Third, the levels of the recoverable advocacy fee should be automatically indexed each year so cutting out the need for the debilitating semi-regular cycle of lobbying and dispute with government on the above matters.

The Bar Council has been pursuing its current round of lobbying since at least 2019, and is pleased that there has, finally, been some movement by the government. First, by the statutory instrument laid in May 2023, which includes a partial indexation of the advocacy fee, although peculiarly from the wrong date – uplifting it from 2016, not from when it was last set in 2013. Second, and most recently, in proposals contained in a further consultation on issues relating to the new regime, issued in late July.

The Bar Council will, of course, engage fully in the consultation exercise. On first look it seems to recognise the fairness of, and make some movement in relation to, extending the indexation and to provide for part payment in some circumstances of settlement or vacation of the trial. But, unfortunately, only limited steps in relation to each are proposed and the government simply does not even raise for consultation the automatic uprating of the fee levels so that we can all avoid these disputes in the future.

Prior to this consultation, the Bar Council had been of the view that the government had simply ignored its half-decade long efforts to inform and persuade and that the position reflected in the May 2023 statutory instrument is irrational and unreasonable.  A judicial review seemed inevitable.  

A letter before action is being sent.
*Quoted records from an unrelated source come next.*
lemma hex_sqnorm_lower_slab:
  fixes s t :: real
  assumes "- 2/3 \<le> t" "t \<le> 0" "0 \<le> 2 * s + t" "2 * s + t \<le> 1"
  shows "hex_sqnorm s t \<le> 1/3 \<or> hex_sqnorm (s - 1) (t + 1) \<le> 1/3"
proof -
  define L where "L = s + t/2"
  define y where "y = - t"
  have origin: "hex_sqnorm s t = L * L + 3/4 * (y * y)"
    unfolding hex_sqnorm_def L_def y_def by (simp add: algebra_simps)
  have corner: "hex_sqnorm (s - 1) (t + 1) = (1/2 - L) * (1/2 - L) + 3/4 * ((1 - y) * (1 - y))"
    unfolding hex_sqnorm_def L_def y_def by (simp add: algebra_simps)
  have L: "0 \<le> L" "L \<le> 1/2" and y: "0 \<le> y" "y \<le> 2/3"
    using assms unfolding L_def y_def by auto
  have parabola: "3 * (y * y) - 3 * y + 1 \<le> 1/3" if "1/3 \<le> y"
  proof -
    have "0 \<le> (y - 1/3) * (2/3 - y)" using that y by simp
    moreover have "(y - 1/3) * (2/3 - y) = y - y * y - 2/9" by (simp add: field_simps)
    ultimately show ?thesis by linarith
  qed
  show ?thesis
  proof (cases "s - t \<le> 1")
    case True
    then have L_le: "L \<le> 1 - 3/2 * y" unfolding L_def y_def by simp
    show ?thesis
    proof (cases "y \<le> 1/3")
      case True
      have "L * L \<le> 1/2 * (1/2)" using L by (intro mult_mono) auto
      moreover have "y * y \<le> 1/3 * (1/3)" using y True by (intro mult_mono) auto
      ultimately show ?thesis using origin by auto
    next
      case False
      have "L * L \<le> (1 - 3/2 * y) * (1 - 3/2 * y)" using L L_le by (intro mult_mono) auto
      then have "hex_sqnorm s t \<le> 3 * (y * y) - 3 * y + 1" using origin by (simp add: algebra_simps)
      then show ?thesis using parabola False by auto
    qed
  next
    case False
    then have L_ge: "1/2 - L \<le> 3/2 * y - 1/2" unfolding L_def y_def by simp
    then have "1/3 \<le> y" using L by simp
    have "(1/2 - L) * (1/2 - L) \<le> (3/2 * y - 1/2) * (3/2 * y - 1/2)"
      using L L_ge by (intro mult_mono) auto
    moreover have "(3/2 * y - 1/2) * (3/2 * y - 1/2) = 9/4 * (y * y) - 3/2 * y + 1/4"
      by (simp add: field_simps)
    moreover have "(1 - y) * (1 - y) = 1 - 2 * y + y * y" by (simp add: field_simps)
    ultimately have "hex_sqnorm (s - 1) (t + 1) \<le> 3 * (y * y) - 3 * y + 1"
      using corner by argo
    then show ?thesis using parabola \<open>1/3 \<le> y\<close> by auto
  qed
qed

lemma hex_sqnorm_right_slab:
  fixes s t :: real
  assumes "1 \<le> 2 * s + t" "0 \<le> t" "t \<le> 1/3" "(2 * s + t - 1) * (2 * s + t - 1) \<le> 4/3"
  shows "hex_sqnorm (s - 1) t \<le> 1/3"
proof -
  define Y where "Y = 2 * s + t - 1"
  have form: "4 * hex_sqnorm (s - 1) t = (Y - 1) * (Y - 1) + 3 * (t * t)"
    unfolding hex_sqnorm_def Y_def by (simp add: field_simps)
  have Y: "0 \<le> Y" "Y * Y \<le> 4/3" using assms unfolding Y_def by auto
  have "Y \<le> 2"
  proof (rule ccontr)
    assume "\<not> Y \<le> 2"
    then have "2 * 2 < Y * Y" by (intro mult_strict_mono) auto
    then show False using Y by simp
  qed
  then have "0 \<le> Y * (2 - Y)" using Y by simp
  moreover have "t * t \<le> 1/3 * (1/3)" using assms by (intro mult_mono) auto
  ultimately show ?thesis using form by (simp add: algebra_simps)
qed

text \<open>The two cone lemmas are stated relative to the apex of the cone, the midpoint
(1/2, 0) of an edge and the vertex (1/3, 1/3) of the Voronoi hexagon.\<close>

lemma hex_sqnorm_edge_cone:
  fixes x y :: real
  assumes "hex_sqnorm x y \<le> 1/3" "0 \<le> 2 * x + y" "y \<le> 0"
  shows "hex_sqnorm (x - 1/2) y \<le> 1/3 \<or> hex_sqnorm (x - 1/2) (y + 1) \<le> 1/3"
proof -
  define L where "L = x + y/2"
  define v where "v = - y"
  have apex: "hex_sqnorm x y = L * L + 3/4 * (v * v)"
    and right: "hex_sqnorm (x - 1/2) y = L * L - L + 1/4 + 3/4 * (v * v)"
    and corner: "hex_sqnorm (x - 1/2) (y + 1) = L * L + 3/4 - 3/2 * v + 3/4 * (v * v)"
    unfolding hex_sqnorm_def L_def v_def by (simp_all add: field_simps)
  have L: "0 \<le> L" "0 \<le> v" using assms unfolding L_def v_def by auto
  show ?thesis
  proof (cases "0 \<le> x + 2 * y + 1/2")
    case True
    then have v_le: "v \<le> 2/3 * (L + 1/2)" unfolding L_def v_def by simp
    show ?thesis
    proof (cases "L \<le> 1/2")
      case True
      have "v * v \<le> (2/3 * (L + 1/2)) * (2/3 * (L + 1/2))" using v_le L by (intro mult_mono) auto
      moreover have "0 \<le> L * (1 - 2 * L)" using True L by simp
      ultimately show ?thesis using right by (simp add: algebra_simps)
    next
      case False
      then show ?thesis using apex right assms(1) by argo
    qed
  next
    case False
    then have L_le: "L \<le> 3/2 * v - 1/2" unfolding L_def v_def by simp
    show ?thesis
    proof (cases "v \<le> 2/3")
      case True
      have "L * L \<le> (3/2 * v - 1/2) * (3/2 * v - 1/2)" using L_le L by (intro mult_mono) auto
      moreover have "(3/2 * v - 1/2) * (3/2 * v - 1/2) = 9/4 * (v * v) - 3/2 * v + 1/4"
        by (simp add: field_simps)
      moreover have "0 \<le> (v - 1/3) * (2/3 - v)" using True L_le L by simp
      moreover have "(v - 1/3) * (2/3 - v) = v - v * v - 2/9" by (simp add: field_simps)
      ultimately show ?thesis using corner by argo
    next
      case False
      then show ?thesis using apex corner assms(1) by argo
    qed
  qed
qed
text \<open>The distribution has no complex Hilbert spaces, so we introduce them.
  Convention: the inner product is conjugate-linear in the first argument.\<close>

class complex_vector = real_vector +
  fixes scaleC :: "complex \<Rightarrow> 'a \<Rightarrow> 'a"
  assumes scaleC_add_right: "scaleC a (x + y) = scaleC a x + scaleC a y"
    and scaleC_add_left: "scaleC (a + b) x = scaleC a x + scaleC b x"
    and scaleC_scaleC: "scaleC a (scaleC b x) = scaleC (a * b) x"
    and scaleC_one: "scaleC 1 x = x"
    and scaleR_scaleC: "scaleR r x = scaleC (complex_of_real r) x"

class complex_inner = complex_vector + real_normed_vector +
  fixes cinner :: "'a \<Rightarrow> 'a \<Rightarrow> complex"
  assumes cinner_conj: "cinner x y = cnj (cinner y x)"
    and cinner_add_right: "cinner x (y + z) = cinner x y + cinner x z"
    and cinner_scaleC_right: "cinner x (scaleC c y) = c * cinner x y"
    and cinner_pos: "Im (cinner x x) = 0 \<and> 0 \<le> Re (cinner x x)"
    and cinner_eq_zero_iff: "cinner x x = 0 \<longleftrightarrow> x = 0"
    and norm_eq_sqrt_cinner: "norm x = sqrt (Re (cinner x x))"

class chilbert_space = complex_inner + complete_space

definition bounded_clinear :: "('a::complex_inner \<Rightarrow> 'b::complex_inner) \<Rightarrow> bool" where
  "bounded_clinear T \<longleftrightarrow> bounded_linear T \<and> (\<forall>c x. T (scaleC c x) = scaleC c (T x))"

text \<open>The Hilbert space adjoint (exists and is unique for bounded operators on a Hilbert space).\<close>
definition cadjoint :: "('a::chilbert_space \<Rightarrow> 'a) \<Rightarrow> ('a \<Rightarrow> 'a)" where
  "cadjoint T = (SOME S. \<forall>x y. cinner (T x) y = cinner x (S y))"

definition cspectrum :: "('a::chilbert_space \<Rightarrow> 'a) \<Rightarrow> complex set" where
  "cspectrum T = {z. \<not> (\<exists>S. bounded_clinear S \<and>
       S \<circ> (\<lambda>x. T x - scaleC z x) = id \<and> (\<lambda>x. T x - scaleC z x) \<circ> S = id)}"

text \<open>An R*-algebra: a (not necessarily closed, not necessarily unital) *-subalgebra of B(H)
  in which every self-adjoint element has finite spectrum.\<close>
definition rstar_algebra :: "('a::chilbert_space \<Rightarrow> 'a) set \<Rightarrow> bool" where
  "rstar_algebra A \<longleftrightarrow>
     (\<forall>T\<in>A. bounded_clinear T) \<and>
     (\<lambda>x. 0) \<in> A \<and>
     (\<forall>S\<in>A. \<forall>T\<in>A. (\<lambda>x. S x + T x) \<in> A) \<and>
     (\<forall>c. \<forall>T\<in>A. (\<lambda>x. scaleC c (T x)) \<in> A) \<and>
     (\<forall>S\<in>A. \<forall>T\<in>A. S \<circ> T \<in> A) \<and>
     (\<forall>T\<in>A. cadjoint T \<in> A) \<and>
     (\<forall>T\<in>A. cadjoint T = T \<longrightarrow> finite (cspectrum T))"

definition is_projection :: "('a::chilbert_space \<Rightarrow> 'a) \<Rightarrow> bool" where
  "is_projection p \<longleftrightarrow> p \<circ> p = p \<and> cadjoint p = p"

definition proj_le :: "('a::chilbert_space \<Rightarrow> 'a) \<Rightarrow> ('a \<Rightarrow> 'a) \<Rightarrow> bool" where
  "proj_le p q \<longleftrightarrow> p \<circ> q = p"

definition partial_isometry :: "('a::chilbert_space \<Rightarrow> 'a) \<Rightarrow> bool" where
  "partial_isometry v \<longleftrightarrow> is_projection (cadjoint v \<circ> v)"

end

theory Submission
  imports Defs
begin

(* If v v* < v* v, a unit vector \<xi> in the range of v* v - v v* satisfies v* \<xi> = 0 and v is
   isometric on its orbit, so e_k = v^k \<xi> is orthonormal and v shifts it. The self-adjoint
   element h = v + v* of A then acts on (e_k) as the free Jacobi matrix. For |r| < 2 a solution
   of (h - r) y = e_0 would have coefficients a_k = Re <e_k, y> obeying
   a_(k+2) = r a_(k+1) - a_k with a_1 - r a_0 = 1; the conserved quantity
   a_k^2 + a_(k+1)^2 - r a_k a_(k+1) is then a positive definite form, contradicting Bessel's
   inequality. Hence the spectrum of h contains ]-2, 2[ and is infinite.
   Since cadjoint is defined by choice, its adjoint property rests on the Riesz representation
   theorem, which follows from best approximation in closed convex sets. *)

section \<open>Complex inner product spaces\<close>

declare cinner_eq_zero_iff [simp]

lemma scaleC_zero_right [simp]: "scaleC c (0::'a::complex_vector) = 0"
  using scaleC_add_right[of c "0::'a" 0] by simp

lemma cinner_add_left: "cinner (x + y) (z::'a::complex_inner) = cinner x z + cinner y z"
  by (simp only: cinner_conj[of "x + y" z] cinner_conj[of x z] cinner_conj[of y z]
      cinner_add_right complex_cnj_add)

lemma cinner_scaleC_left: "cinner (scaleC c x) (y::'a::complex_inner) = cnj c * cinner x y"
  by (simp only: cinner_conj[of "scaleC c x" y] cinner_conj[of x y] cinner_scaleC_right
      complex_cnj_mult)

lemma cinner_zero_right [simp]: "cinner (x::'a::complex_inner) 0 = 0"
  using cinner_add_right[of x 0 0] by simp

lemma cinner_zero_left [simp]: "cinner 0 (x::'a::complex_inner) = 0"
  by (simp only: cinner_conj[of 0 x] cinner_zero_right complex_cnj_zero)

lemma cinner_diff_right: "cinner (x::'a::complex_inner) (y - z) = cinner x y - cinner x z"
  using cinner_add_right[of x "y - z" z] by simp

lemma cinner_diff_left: "cinner (x - y) (z::'a::complex_inner) = cinner x z - cinner y z"
  by (simp only: cinner_conj[of "x - y" z] cinner_conj[of x z] cinner_conj[of y z]
      cinner_diff_right complex_cnj_diff)

lemma cinner_scaleR_right: "cinner (x::'a::complex_inner) (scaleR r y) = of_real r * cinner x y"
  by (simp add: scaleR_scaleC cinner_scaleC_right)

lemma cinner_sum_left: "cinner (sum f S) (x::'a::complex_inner) = (\<Sum>k\<in>S. cinner (f k) x)"
  by (induction S rule: infinite_finite_induct) (simp_all add: cinner_add_left)

lemma cinner_sum_right: "cinner (x::'a::complex_inner) (sum f S) = (\<Sum>k\<in>S. cinner x (f k))"
  by (induction S rule: infinite_finite_induct) (simp_all add: cinner_add_right)

lemma Re_cinner_commute: "Re (cinner y x) = Re (cinner x (y::'a::complex_inner))"
  by (subst cinner_conj) simp

lemma cinner_self: "cinner (x::'a::complex_inner) x = complex_of_real ((norm x)\<^sup>2)"
  using cinner_pos[of x] norm_eq_sqrt_cinner[of x] by (simp add: complex_eq_iff)

lemma power2_norm_eq_cinner: "(norm (x::'a::complex_inner))\<^sup>2 = Re (cinner x x)"
  by (simp add: cinner_self)

lemma cinner_ext:
  assumes "\<And>y. cinner y a = cinner y (b::'a::complex_inner)"
  shows "a = b"
  using assms[of "a - b"] cinner_eq_zero_iff[of "a - b"] by (simp add: cinner_diff_right)

lemma power2_norm_add:
  "(norm (x + y))\<^sup>2 = (norm x)\<^sup>2 + (norm y)\<^sup>2 + 2 * Re (cinner x (y::'a::complex_inner))"
  by (simp add: power2_norm_eq_cinner cinner_add_left cinner_add_right Re_cinner_commute[of y x])

lemma power2_norm_diff:
  "(norm (x - y))\<^sup>2 = (norm x)\<^sup>2 + (norm y)\<^sup>2 - 2 * Re (cinner x (y::'a::complex_inner))"
  by (simp add: power2_norm_eq_cinner cinner_diff_left cinner_diff_right Re_cinner_commute[of y x])

lemma parallelogram_law:
  "(norm (x + y))\<^sup>2 + (norm (x - y))\<^sup>2 = 2 * (norm x)\<^sup>2 + 2 * (norm (y::'a::complex_inner))\<^sup>2"
  by (simp add: power2_norm_add power2_norm_diff)

lemma norm_scaleC: "norm (scaleC c (x::'a::complex_inner)) = cmod c * norm x"
proof -
  have "cinner (scaleC c x) (scaleC c x) = (cnj c * c) * cinner x x"
    by (simp add: cinner_scaleC_left cinner_scaleC_right)
  also have "cnj c * c = complex_of_real ((cmod c)\<^sup>2)"
    by (simp only: complex_norm_square mult.commute)
  finally have "complex_of_real ((norm (scaleC c x))\<^sup>2) = complex_of_real ((cmod c * norm x)\<^sup>2)"
    by (simp only: cinner_self power_mult_distrib of_real_mult)
  then have "(norm (scaleC c x))\<^sup>2 = (cmod c * norm x)\<^sup>2"
    by (simp only: of_real_eq_iff)
  then show ?thesis
    by (simp add: power2_eq_iff_nonneg)
qed

lemma power2_norm_diff_projection:
  fixes x y :: "'a::complex_inner"
  assumes "x \<noteq> 0"
  shows "(norm (y - scaleC (cinner x y / of_real ((norm x)\<^sup>2)) x))\<^sup>2
           = (norm y)\<^sup>2 - (cmod (cinner x y))\<^sup>2 / (norm x)\<^sup>2"
proof -
  define g where "g = cinner x y"
  define n where "n = (norm x)\<^sup>2"
  have n: "n > 0"
    using assms by (simp add: n_def)
  have "cinner y (scaleC (g / of_real n) x) = complex_of_real ((cmod g)\<^sup>2 / n)"
    using cinner_conj[of y x] complex_norm_square[of g]
    by (simp add: cinner_scaleC_right g_def)
  moreover have "(cmod (g / of_real n) * norm x)\<^sup>2 = (cmod g)\<^sup>2 / n"
    using n by (simp add: norm_divide power_divide power_mult_distrib norm_power norm_mult n_def
        power2_eq_square)
  ultimately show ?thesis
    by (simp add: power2_norm_diff norm_scaleC g_def n_def)
qed

lemma cinner_Cauchy_Schwarz: "cmod (cinner x y) \<le> norm x * norm (y::'a::complex_inner)"
proof (cases "x = 0")
  case True
  then show ?thesis by simp
next
  case False
  then have "(cmod (cinner x y))\<^sup>2 / (norm x)\<^sup>2 \<le> (norm y)\<^sup>2"
    using power2_norm_diff_projection[of x y] by (metis diff_ge_0_iff_ge zero_le_power2)
  then have "(cmod (cinner x y))\<^sup>2 \<le> (norm x * norm y)\<^sup>2"
    using False by (simp add: field_simps power_mult_distrib)
  then show ?thesis
    by (simp add: power2_le_iff_abs_le)
qed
The Bar Council hopes that if it is answered fully and frankly it may be possible, in the light of the new consultation, to defer any challenge to the lawfulness of the scheme until the outcome of the July consultation is known.

We very much hope that this will mark a sea change in the approach to the bar’s concerns and that the principle of ‘reasonable pay for work done’ can be reflected in the government’s fixed recoverable costs regime.